_Action item_.
Below are entries; copy exactly the lines from the one with "by (auto simp: n_def numeral_3_eq_3" through the one with "using free letter", both included, and leave out the rest.

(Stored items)
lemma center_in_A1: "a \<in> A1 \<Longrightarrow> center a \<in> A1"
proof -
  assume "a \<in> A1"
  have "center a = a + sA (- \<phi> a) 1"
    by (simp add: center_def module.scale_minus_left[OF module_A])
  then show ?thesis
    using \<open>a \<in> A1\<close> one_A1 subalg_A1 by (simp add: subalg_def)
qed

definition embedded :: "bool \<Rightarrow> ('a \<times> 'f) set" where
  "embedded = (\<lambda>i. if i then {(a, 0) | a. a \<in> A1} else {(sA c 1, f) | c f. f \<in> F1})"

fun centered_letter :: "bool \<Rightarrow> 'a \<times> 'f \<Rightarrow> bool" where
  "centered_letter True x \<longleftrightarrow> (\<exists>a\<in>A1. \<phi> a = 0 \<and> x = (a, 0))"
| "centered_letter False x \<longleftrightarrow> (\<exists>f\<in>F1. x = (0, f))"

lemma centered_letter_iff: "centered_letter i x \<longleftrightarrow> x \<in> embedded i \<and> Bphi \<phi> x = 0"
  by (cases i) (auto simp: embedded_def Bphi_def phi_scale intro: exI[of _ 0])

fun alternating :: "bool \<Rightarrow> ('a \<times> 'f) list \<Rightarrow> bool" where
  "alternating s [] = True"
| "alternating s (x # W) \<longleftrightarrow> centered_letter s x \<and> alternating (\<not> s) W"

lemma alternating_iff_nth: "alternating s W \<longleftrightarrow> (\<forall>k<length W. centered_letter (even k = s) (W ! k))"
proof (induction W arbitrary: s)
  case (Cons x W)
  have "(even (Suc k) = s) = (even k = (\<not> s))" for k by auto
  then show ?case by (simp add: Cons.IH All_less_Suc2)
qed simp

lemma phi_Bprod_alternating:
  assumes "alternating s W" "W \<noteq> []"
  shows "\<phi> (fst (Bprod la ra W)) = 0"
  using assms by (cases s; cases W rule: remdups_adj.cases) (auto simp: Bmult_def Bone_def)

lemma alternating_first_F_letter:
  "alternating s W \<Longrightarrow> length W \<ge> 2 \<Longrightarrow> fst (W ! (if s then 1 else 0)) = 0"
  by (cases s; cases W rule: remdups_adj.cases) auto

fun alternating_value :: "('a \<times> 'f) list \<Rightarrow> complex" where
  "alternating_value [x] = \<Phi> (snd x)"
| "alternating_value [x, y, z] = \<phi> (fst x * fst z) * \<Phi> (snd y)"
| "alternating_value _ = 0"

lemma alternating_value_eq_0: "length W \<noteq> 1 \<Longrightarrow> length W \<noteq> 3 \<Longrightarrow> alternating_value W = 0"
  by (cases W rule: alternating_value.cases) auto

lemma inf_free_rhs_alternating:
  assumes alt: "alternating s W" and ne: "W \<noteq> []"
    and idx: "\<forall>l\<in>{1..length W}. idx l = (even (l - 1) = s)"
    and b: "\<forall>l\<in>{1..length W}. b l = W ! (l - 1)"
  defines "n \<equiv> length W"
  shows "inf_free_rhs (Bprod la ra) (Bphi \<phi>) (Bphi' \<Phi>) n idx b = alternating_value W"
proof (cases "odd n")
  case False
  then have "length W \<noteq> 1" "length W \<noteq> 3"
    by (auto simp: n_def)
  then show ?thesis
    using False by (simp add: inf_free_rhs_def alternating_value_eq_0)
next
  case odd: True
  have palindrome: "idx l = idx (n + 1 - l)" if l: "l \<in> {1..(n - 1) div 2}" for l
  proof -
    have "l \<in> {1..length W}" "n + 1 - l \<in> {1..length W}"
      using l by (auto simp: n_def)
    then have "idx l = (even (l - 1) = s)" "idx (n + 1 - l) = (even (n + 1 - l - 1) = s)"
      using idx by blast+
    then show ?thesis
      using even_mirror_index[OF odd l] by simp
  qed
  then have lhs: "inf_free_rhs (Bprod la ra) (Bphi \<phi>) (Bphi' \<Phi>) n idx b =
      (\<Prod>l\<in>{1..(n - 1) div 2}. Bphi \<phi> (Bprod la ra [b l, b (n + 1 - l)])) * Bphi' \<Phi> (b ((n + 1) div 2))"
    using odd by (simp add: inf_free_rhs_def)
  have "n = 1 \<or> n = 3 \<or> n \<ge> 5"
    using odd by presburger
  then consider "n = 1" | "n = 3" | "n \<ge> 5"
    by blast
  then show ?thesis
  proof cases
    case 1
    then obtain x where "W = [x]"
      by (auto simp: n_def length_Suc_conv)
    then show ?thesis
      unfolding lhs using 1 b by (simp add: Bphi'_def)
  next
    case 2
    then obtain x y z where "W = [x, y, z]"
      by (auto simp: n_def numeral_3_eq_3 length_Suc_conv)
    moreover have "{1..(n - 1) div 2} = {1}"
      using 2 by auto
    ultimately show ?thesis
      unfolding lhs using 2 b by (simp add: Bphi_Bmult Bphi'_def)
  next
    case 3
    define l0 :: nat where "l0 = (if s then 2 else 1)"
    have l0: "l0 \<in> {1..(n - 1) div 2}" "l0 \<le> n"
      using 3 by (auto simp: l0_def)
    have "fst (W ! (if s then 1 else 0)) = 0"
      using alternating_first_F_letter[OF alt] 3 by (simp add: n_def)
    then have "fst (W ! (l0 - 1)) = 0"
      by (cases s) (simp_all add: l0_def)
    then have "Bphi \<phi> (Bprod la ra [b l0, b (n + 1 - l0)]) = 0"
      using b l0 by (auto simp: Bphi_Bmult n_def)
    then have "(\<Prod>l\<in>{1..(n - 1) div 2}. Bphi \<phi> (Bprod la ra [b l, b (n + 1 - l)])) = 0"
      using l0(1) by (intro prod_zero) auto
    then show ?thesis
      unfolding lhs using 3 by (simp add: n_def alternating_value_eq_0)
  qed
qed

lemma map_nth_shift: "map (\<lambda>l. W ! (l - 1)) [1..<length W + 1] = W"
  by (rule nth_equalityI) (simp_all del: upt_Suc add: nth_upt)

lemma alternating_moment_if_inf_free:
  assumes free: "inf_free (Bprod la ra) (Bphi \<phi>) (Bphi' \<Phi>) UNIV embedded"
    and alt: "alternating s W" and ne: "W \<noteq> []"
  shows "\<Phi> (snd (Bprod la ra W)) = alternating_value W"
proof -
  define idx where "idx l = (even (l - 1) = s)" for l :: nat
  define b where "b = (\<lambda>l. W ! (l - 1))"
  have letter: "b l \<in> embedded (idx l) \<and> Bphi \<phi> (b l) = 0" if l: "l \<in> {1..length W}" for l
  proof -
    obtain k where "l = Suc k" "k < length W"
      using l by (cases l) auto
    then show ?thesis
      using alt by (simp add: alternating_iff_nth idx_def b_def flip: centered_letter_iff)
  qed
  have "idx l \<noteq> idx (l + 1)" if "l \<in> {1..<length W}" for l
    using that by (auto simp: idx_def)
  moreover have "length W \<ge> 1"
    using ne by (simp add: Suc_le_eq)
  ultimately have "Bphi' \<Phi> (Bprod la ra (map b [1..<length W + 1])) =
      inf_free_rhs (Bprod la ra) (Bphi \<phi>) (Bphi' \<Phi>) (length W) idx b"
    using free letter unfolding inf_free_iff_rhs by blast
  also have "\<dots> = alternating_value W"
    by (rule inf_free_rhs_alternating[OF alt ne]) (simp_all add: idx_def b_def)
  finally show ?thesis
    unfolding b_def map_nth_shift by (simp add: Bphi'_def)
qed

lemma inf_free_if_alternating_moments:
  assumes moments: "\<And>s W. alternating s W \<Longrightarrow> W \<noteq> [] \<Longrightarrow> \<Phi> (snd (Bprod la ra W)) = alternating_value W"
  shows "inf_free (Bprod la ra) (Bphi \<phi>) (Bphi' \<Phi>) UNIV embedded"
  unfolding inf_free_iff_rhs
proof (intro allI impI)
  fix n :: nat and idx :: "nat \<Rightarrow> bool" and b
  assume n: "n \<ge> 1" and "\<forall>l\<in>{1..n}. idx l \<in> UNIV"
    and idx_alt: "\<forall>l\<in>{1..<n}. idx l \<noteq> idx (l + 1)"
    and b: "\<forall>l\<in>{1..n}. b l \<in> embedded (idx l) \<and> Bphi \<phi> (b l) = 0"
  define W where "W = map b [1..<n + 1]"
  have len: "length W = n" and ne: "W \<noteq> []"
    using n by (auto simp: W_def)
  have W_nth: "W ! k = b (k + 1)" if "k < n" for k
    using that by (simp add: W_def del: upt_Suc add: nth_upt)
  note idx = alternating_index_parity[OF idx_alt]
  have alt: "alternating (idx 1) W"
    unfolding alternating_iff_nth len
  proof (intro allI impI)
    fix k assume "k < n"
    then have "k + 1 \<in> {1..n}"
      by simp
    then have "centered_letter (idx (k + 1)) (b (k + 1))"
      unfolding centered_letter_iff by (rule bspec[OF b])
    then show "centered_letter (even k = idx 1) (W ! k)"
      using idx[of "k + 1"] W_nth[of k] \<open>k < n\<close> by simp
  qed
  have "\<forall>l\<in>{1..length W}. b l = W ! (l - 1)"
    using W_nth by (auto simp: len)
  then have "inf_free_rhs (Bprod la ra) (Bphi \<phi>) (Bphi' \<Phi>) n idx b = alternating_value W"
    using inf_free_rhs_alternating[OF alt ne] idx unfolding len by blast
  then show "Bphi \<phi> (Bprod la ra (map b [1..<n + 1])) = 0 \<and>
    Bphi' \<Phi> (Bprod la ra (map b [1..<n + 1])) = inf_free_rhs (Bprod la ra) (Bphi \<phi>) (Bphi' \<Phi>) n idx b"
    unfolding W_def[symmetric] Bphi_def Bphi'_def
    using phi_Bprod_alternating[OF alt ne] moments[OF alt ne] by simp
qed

_Answer box_.
      by (auto simp: n_def numeral_3_eq_3 length_Suc_conv)
    moreover have "{1..(n - 1) div 2} = {1}"
      using 2 by auto
    ultimately show ?thesis
      unfolding lhs using 2 b by (simp add: Bphi_Bmult Bphi'_def)
  next
    case 3
    define l0 :: nat where "l0 = (if s then 2 else 1)"
    have l0: "l0 \<in> {1..(n - 1) div 2}" "l0 \<le> n"
      using 3 by (auto simp: l0_def)
    have "fst (W ! (if s then 1 else 0)) = 0"
      using alternating_first_F_letter[OF alt] 3 by (simp add: n_def)
    then have "fst (W ! (l0 - 1)) = 0"
      by (cases s) (simp_all add: l0_def)
    then have "Bphi \<phi> (Bprod la ra [b l0, b (n + 1 - l0)]) = 0"
      using b l0 by (auto simp: Bphi_Bmult n_def)
    then have "(\<Prod>l\<in>{1..(n - 1) div 2}. Bphi \<phi> (Bprod la ra [b l, b (n + 1 - l)])) = 0"
      using l0(1) by (intro prod_zero) auto
    then show ?thesis
      unfolding lhs using 3 by (simp add: n_def alternating_value_eq_0)
  qed
qed

lemma map_nth_shift: "map (\<lambda>l. W ! (l - 1)) [1..<length W + 1] = W"
  by (rule nth_equalityI) (simp_all del: upt_Suc add: nth_upt)

lemma alternating_moment_if_inf_free:
  assumes free: "inf_free (Bprod la ra) (Bphi \<phi>) (Bphi' \<Phi>) UNIV embedded"
    and alt: "alternating s W" and ne: "W \<noteq> []"
  shows "\<Phi> (snd (Bprod la ra W)) = alternating_value W"
proof -
  define idx where "idx l = (even (l - 1) = s)" for l :: nat
  define b where "b = (\<lambda>l. W ! (l - 1))"
  have letter: "b l \<in> embedded (idx l) \<and> Bphi \<phi> (b l) = 0" if l: "l \<in> {1..length W}" for l
  proof -
    obtain k where "l = Suc k" "k < length W"
      using l by (cases l) auto
    then show ?thesis
      using alt by (simp add: alternating_iff_nth idx_def b_def flip: centered_letter_iff)
  qed
  have "idx l \<noteq> idx (l + 1)" if "l \<in> {1..<length W}" for l
    using that by (auto simp: idx_def)
  moreover have "length W \<ge> 1"
    using ne by (simp add: Suc_le_eq)
  ultimately have "Bphi' \<Phi> (Bprod la ra (map b [1..<length W + 1])) =
      inf_free_rhs (Bprod la ra) (Bphi \<phi>) (Bphi' \<Phi>) (length W) idx b"
    using free letter unfolding inf_free_iff_rhs by blast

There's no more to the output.